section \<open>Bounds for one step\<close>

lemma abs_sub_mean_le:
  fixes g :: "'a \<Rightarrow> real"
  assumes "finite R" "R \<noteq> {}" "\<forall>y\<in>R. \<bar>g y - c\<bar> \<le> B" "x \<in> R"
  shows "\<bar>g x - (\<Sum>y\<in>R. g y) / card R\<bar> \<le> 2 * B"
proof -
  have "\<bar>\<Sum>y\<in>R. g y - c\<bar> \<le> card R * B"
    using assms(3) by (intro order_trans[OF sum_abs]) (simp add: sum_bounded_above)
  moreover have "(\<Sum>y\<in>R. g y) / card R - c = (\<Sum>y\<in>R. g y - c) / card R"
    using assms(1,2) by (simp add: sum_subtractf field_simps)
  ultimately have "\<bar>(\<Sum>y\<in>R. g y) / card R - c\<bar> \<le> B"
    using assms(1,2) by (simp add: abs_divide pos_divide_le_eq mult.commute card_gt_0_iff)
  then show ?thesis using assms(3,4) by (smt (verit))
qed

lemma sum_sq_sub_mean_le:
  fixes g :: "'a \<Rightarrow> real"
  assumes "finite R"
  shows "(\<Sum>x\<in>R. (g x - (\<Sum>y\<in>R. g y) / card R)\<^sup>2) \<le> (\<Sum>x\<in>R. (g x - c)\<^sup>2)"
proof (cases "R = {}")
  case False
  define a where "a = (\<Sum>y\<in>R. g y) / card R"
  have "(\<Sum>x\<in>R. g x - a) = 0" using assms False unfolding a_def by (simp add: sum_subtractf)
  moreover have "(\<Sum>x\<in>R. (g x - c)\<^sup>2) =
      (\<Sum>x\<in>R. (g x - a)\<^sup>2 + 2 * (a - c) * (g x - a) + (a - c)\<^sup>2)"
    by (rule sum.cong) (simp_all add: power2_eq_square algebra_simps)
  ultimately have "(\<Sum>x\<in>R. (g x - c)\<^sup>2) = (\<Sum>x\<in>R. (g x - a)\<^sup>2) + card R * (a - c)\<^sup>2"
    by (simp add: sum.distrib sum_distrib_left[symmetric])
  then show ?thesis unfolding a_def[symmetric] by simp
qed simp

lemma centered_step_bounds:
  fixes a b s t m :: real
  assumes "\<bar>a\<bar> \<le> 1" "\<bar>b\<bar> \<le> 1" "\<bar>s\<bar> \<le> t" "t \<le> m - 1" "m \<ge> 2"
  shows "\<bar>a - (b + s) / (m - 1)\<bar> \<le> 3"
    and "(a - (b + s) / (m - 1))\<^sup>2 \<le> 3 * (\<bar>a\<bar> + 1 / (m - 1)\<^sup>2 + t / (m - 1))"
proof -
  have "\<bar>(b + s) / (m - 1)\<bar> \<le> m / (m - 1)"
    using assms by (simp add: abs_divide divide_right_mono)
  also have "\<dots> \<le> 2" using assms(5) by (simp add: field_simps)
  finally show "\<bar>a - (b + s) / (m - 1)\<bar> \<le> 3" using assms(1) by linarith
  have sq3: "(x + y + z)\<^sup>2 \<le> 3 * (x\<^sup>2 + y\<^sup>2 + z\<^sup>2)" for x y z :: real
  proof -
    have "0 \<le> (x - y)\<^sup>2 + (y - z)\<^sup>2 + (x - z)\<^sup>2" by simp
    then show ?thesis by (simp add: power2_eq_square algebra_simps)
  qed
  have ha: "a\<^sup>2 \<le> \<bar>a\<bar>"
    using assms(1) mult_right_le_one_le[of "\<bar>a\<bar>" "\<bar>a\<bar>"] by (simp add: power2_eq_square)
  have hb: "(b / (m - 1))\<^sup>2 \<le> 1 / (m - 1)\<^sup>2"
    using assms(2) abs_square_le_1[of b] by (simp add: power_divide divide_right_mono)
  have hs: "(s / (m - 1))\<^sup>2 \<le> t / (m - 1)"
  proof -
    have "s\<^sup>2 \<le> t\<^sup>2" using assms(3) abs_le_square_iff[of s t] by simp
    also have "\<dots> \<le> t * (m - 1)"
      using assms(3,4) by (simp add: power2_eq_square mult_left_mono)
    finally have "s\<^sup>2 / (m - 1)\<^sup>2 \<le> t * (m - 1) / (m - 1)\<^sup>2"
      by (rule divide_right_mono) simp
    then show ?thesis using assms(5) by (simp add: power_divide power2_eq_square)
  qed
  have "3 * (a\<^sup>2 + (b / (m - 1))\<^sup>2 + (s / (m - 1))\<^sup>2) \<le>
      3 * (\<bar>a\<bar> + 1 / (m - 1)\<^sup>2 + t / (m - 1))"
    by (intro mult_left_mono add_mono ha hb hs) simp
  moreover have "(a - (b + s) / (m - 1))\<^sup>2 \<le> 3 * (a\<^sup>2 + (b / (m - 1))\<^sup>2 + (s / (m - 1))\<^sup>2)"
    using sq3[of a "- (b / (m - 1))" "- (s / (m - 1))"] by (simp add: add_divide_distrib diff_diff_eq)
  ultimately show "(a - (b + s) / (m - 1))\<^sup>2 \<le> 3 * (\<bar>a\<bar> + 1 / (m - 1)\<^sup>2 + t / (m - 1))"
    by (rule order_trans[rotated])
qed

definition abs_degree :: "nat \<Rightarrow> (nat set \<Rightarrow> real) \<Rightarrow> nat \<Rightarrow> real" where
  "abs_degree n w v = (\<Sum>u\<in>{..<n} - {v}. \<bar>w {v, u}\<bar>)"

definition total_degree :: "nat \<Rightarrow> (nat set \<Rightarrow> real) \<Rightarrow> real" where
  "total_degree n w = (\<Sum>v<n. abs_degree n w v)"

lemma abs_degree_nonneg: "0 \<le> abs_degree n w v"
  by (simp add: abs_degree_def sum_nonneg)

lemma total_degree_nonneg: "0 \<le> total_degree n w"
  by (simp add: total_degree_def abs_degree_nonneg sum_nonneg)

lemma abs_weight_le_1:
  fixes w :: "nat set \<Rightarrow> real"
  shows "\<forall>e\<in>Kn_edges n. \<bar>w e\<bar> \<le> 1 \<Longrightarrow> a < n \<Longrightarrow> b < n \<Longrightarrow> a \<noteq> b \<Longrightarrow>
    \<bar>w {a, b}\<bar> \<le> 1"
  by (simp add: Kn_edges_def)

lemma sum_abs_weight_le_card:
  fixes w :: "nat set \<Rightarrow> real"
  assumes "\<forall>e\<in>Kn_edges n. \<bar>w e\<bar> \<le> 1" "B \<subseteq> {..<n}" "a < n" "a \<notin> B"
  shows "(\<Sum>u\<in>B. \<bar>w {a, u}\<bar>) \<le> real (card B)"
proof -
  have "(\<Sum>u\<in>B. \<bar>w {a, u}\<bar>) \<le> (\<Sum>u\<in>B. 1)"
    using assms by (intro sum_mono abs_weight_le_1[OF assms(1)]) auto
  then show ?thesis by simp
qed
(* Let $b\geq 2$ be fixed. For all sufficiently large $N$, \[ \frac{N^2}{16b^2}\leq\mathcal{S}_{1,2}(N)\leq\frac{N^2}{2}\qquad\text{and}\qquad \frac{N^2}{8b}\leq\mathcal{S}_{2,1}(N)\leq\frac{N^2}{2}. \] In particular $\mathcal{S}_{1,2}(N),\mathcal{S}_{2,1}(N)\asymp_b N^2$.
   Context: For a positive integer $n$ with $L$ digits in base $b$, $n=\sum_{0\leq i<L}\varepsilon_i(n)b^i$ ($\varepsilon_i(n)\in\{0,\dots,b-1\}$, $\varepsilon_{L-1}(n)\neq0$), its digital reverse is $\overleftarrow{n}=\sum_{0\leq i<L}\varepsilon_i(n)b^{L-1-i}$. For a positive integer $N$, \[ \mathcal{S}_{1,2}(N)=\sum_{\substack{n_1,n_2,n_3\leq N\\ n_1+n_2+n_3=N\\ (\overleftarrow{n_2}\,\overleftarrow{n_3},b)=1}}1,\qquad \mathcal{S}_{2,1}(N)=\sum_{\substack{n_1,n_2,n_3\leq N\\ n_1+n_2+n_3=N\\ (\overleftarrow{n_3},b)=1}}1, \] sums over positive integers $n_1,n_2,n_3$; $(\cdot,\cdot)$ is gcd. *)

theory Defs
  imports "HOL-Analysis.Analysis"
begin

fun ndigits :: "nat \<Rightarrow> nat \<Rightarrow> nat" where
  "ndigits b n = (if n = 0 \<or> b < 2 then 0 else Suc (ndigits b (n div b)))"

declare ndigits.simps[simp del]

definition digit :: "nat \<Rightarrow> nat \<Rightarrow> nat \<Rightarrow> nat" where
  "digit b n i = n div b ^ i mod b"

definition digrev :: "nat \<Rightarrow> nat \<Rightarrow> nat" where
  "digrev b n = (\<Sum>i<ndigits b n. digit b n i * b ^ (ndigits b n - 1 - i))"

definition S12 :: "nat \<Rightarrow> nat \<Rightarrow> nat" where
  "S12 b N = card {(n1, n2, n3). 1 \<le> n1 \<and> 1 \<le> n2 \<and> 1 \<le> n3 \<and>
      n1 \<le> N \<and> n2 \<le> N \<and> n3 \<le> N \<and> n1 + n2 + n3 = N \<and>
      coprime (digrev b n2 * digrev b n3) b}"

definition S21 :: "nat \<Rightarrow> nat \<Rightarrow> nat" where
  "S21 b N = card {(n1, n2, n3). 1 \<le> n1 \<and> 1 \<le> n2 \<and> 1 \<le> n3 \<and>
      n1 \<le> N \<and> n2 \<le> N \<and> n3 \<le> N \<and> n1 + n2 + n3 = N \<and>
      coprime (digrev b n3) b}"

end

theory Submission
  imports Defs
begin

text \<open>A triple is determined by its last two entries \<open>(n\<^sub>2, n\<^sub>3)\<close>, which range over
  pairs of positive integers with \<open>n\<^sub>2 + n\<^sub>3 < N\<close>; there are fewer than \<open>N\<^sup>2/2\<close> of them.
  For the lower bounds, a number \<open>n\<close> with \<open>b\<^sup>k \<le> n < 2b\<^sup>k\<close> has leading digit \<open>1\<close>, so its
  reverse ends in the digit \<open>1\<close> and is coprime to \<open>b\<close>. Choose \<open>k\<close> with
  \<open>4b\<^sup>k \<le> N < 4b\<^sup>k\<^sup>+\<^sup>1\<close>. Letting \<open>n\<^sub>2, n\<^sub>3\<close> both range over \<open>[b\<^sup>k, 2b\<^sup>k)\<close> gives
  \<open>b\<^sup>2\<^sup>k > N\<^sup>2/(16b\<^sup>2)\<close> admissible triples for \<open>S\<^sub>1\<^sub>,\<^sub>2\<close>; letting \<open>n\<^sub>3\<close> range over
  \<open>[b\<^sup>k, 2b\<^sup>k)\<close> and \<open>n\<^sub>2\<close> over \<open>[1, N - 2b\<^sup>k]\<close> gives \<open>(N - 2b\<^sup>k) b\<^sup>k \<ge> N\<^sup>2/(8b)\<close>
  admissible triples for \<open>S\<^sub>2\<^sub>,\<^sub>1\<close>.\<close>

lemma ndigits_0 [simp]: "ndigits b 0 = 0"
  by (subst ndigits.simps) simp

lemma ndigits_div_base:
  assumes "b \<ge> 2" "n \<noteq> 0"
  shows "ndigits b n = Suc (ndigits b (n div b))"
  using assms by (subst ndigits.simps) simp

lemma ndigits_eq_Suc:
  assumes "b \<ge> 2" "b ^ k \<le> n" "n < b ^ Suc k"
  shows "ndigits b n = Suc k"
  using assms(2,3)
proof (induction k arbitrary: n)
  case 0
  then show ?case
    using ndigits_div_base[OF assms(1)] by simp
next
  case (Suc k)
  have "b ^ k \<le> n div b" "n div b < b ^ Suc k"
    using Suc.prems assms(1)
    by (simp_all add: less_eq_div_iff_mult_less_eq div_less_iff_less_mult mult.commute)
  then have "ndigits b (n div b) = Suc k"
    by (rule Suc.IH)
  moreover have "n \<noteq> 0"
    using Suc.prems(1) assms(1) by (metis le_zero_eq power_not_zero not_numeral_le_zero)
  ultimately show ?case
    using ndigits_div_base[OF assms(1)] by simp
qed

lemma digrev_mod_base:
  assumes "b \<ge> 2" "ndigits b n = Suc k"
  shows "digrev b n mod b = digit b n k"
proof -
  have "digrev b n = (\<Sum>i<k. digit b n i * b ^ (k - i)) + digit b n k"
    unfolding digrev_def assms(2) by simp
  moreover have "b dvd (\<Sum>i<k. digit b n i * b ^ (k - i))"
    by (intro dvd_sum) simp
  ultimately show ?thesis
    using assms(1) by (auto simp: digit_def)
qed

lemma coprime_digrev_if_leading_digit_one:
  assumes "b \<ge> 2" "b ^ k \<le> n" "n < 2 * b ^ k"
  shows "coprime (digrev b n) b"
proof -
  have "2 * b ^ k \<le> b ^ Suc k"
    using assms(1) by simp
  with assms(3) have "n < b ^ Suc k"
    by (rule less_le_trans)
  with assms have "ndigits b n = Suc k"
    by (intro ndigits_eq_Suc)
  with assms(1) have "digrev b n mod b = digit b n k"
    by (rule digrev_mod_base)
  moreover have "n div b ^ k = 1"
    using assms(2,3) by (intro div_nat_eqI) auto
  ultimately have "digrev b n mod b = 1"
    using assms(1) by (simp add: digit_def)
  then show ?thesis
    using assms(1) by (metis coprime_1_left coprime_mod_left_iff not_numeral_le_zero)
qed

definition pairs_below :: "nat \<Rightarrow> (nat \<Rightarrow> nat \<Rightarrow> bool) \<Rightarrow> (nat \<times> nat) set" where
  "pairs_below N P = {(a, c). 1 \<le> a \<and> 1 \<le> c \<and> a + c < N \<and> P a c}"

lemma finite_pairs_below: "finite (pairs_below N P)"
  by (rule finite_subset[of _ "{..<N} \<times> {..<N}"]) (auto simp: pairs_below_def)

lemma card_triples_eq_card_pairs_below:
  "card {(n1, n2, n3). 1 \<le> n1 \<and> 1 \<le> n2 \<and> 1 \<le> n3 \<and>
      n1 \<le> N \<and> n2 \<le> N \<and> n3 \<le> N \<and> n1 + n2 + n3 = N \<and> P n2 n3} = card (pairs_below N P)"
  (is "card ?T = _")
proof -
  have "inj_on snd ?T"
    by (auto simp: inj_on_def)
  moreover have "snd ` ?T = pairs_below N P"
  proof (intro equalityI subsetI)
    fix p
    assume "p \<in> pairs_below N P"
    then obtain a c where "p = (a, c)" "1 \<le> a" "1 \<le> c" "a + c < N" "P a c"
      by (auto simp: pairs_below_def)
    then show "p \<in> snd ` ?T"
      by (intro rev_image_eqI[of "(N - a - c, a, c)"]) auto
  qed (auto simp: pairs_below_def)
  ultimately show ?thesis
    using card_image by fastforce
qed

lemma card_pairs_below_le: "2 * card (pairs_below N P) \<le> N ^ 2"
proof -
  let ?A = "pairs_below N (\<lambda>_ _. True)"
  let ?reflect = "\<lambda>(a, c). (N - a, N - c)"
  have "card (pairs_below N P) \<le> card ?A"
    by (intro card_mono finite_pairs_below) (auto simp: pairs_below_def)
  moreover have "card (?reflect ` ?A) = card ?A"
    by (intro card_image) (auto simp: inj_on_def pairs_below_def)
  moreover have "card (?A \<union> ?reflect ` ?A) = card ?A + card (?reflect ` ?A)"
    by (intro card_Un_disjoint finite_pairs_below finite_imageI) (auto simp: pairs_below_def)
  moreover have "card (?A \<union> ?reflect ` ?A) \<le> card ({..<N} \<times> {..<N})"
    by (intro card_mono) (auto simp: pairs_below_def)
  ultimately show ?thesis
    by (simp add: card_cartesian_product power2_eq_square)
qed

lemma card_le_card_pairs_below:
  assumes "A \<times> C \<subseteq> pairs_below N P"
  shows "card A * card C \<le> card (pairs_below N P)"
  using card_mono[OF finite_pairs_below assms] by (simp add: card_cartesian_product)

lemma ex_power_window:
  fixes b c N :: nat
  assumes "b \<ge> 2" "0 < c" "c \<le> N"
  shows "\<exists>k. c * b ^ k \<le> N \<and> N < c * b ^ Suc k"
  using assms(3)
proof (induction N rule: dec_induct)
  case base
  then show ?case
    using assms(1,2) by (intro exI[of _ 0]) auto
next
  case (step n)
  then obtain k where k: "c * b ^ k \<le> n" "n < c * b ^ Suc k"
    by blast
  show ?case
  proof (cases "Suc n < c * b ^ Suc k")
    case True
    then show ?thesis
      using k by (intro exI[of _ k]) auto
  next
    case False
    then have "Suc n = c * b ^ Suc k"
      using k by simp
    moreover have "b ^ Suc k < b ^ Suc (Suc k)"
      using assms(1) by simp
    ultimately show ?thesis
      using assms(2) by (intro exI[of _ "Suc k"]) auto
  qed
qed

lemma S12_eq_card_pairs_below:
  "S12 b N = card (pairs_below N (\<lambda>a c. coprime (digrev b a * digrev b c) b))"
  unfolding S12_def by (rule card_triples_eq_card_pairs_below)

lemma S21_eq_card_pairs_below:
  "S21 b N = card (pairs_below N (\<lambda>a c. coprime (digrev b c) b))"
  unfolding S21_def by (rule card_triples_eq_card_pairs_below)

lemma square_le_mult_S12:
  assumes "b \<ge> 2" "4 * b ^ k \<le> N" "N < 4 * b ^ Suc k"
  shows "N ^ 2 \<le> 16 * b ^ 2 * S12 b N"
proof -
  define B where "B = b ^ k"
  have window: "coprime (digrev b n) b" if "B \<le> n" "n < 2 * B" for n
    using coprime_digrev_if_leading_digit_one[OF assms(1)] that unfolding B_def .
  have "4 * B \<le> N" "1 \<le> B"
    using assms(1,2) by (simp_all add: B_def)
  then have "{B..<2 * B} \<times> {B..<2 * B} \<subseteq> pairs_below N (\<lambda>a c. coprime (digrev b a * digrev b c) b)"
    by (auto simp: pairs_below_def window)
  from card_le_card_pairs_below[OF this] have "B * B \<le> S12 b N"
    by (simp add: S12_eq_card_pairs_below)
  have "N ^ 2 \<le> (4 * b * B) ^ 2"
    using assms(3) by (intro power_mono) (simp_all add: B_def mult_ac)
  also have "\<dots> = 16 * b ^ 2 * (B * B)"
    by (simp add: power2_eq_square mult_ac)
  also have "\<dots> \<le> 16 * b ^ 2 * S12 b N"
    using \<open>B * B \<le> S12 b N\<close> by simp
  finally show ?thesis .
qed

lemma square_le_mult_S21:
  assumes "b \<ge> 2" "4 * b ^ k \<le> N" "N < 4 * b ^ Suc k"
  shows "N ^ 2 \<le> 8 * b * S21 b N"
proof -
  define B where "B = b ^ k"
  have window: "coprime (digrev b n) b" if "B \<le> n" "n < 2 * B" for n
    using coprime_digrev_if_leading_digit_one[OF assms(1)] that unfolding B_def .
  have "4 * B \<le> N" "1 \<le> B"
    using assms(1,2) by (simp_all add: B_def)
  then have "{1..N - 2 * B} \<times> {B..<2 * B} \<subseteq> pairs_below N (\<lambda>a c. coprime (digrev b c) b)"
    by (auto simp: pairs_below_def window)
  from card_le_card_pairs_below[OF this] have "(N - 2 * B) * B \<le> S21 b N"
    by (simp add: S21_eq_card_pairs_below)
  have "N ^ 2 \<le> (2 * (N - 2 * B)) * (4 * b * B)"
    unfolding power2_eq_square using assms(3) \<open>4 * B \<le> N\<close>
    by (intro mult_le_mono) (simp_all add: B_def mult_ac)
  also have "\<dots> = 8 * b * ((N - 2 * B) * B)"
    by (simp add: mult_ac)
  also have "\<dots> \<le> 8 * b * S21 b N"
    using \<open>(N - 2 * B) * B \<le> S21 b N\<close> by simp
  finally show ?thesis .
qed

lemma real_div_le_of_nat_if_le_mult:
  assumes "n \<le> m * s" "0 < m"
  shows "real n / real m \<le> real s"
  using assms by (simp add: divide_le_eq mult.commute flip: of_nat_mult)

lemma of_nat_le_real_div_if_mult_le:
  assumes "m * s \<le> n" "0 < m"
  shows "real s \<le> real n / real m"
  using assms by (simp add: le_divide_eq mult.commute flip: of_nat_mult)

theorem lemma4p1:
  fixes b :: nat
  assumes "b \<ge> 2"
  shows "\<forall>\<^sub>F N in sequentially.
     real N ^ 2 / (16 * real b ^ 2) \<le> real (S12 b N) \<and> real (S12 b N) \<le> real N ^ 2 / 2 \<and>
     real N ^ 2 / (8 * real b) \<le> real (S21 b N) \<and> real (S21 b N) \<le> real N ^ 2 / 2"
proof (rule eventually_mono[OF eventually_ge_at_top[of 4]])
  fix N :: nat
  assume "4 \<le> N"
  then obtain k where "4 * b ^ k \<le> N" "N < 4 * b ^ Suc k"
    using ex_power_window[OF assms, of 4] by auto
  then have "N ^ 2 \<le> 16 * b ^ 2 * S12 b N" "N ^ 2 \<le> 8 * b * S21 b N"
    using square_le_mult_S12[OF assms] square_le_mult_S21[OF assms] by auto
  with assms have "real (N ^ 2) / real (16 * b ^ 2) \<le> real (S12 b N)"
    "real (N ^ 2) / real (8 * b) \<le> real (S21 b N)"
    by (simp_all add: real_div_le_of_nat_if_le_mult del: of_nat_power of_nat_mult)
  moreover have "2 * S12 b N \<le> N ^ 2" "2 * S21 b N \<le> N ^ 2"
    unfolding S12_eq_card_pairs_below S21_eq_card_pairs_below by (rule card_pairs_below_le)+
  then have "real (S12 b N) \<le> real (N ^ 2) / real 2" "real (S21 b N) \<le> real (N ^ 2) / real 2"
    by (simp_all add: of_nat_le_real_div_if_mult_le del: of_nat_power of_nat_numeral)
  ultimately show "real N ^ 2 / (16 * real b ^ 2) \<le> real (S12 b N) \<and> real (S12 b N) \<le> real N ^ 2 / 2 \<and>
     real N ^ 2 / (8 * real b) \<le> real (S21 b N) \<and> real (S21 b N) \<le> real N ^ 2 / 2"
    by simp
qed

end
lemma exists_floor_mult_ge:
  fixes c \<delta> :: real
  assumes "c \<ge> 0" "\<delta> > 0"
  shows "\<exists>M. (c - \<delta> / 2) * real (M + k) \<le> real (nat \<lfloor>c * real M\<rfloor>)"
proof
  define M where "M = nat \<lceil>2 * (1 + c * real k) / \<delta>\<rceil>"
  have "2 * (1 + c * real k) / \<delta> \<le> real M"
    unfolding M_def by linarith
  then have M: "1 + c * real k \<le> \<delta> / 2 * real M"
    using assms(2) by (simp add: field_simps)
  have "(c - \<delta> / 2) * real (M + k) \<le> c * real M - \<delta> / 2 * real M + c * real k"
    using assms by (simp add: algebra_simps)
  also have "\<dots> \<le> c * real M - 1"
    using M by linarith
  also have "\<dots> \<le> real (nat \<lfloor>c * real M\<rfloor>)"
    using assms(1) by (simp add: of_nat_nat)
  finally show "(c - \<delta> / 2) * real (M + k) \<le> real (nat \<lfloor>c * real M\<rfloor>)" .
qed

————————

» **Task directions**: The word is "cases". Copy every line above where it appears.

» **Task answer**:
proof (cases "R = {}")
  proof (cases "Suc n < c * b ^ Suc k")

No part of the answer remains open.